==== Input data ====

(* Let $k_0\in\mathbb{R}$, let $w\in C^2(\mathbb{R})$ be real-valued with $\lim_{x\to\pm\infty}w(x)=\mp k_0$ and $\lim_{x\to\pm\infty}w'(x)=0$, and $U=-w^2-iw'+k_0^2$. Let $k_\star\in\mathbb{R}\setminus\{0,\pm k_0\}$ and $\rho_\star>0$. Suppose $\psi_{\rm las}$ and $\psi_{\rm CPA}$ are solutions of $-\psi''+U\psi=k_\star^2\psi$ such that, together with their first derivatives, $$\psi_{\rm las}(x)\sim a_\pm e^{\pm ik_\star x},\qquad \psi_{\rm CPA}(x)\sim c_\pm e^{\mp ik_\star x}\qquad (x\to\pm\infty),$$ with $|a_+|=|a_-|=|c_+|=|c_-|=\rho_\star$. Then for all $x\in\mathbb{R}$, $$|\psi_{\rm CPA}(x)|^2+|\psi_{\rm las}(x)|^2+\frac{k_0}{k_\star}\big(|\psi_{\rm las}(x)|^2-|\psi_{\rm CPA}(x)|^2\big)=2\rho_\star^2.$$
   Context: "$f(x)\sim a e^{i\kappa x}$ together with the first derivative" means $f(x)-ae^{i\kappa x}\to0$ and $f'(x)-i\kappa a e^{i\kappa x}\to0$. Such $\psi_{\rm las},\psi_{\rm CPA}$ are the laser (outgoing) and coherent-perfect-absorber (incoming) solutions at a self-dual spectral singularity $k_\star$. *)

theory Defs
  imports "HOL-Analysis.Analysis"
begin

definition C2_real :: "(real \<Rightarrow> real) \<Rightarrow> (real \<Rightarrow> real) \<Rightarrow> (real \<Rightarrow> real) \<Rightarrow> bool" where
  "C2_real w w1 w2 \<longleftrightarrow>
     (\<forall>x. (w has_real_derivative w1 x) (at x)) \<and>
     (\<forall>x. (w1 has_real_derivative w2 x) (at x)) \<and> continuous_on UNIV w2"

definition potU :: "(real \<Rightarrow> real) \<Rightarrow> (real \<Rightarrow> real) \<Rightarrow> real \<Rightarrow> real \<Rightarrow> complex" where
  "potU w w1 k0 x = - complex_of_real ((w x)\<^sup>2) - \<i> * complex_of_real (w1 x) + complex_of_real (k0\<^sup>2)"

====

_Problem_: Could you copy every line from the records that mentions the word "where"?

_Response for this exercise_:
definition C2_real :: "(real \<Rightarrow> real) \<Rightarrow> (real \<Rightarrow> real) \<Rightarrow> (real \<Rightarrow> real) \<Rightarrow> bool" where
definition potU :: "(real \<Rightarrow> real) \<Rightarrow> (real \<Rightarrow> real) \<Rightarrow> real \<Rightarrow> real \<Rightarrow> complex" where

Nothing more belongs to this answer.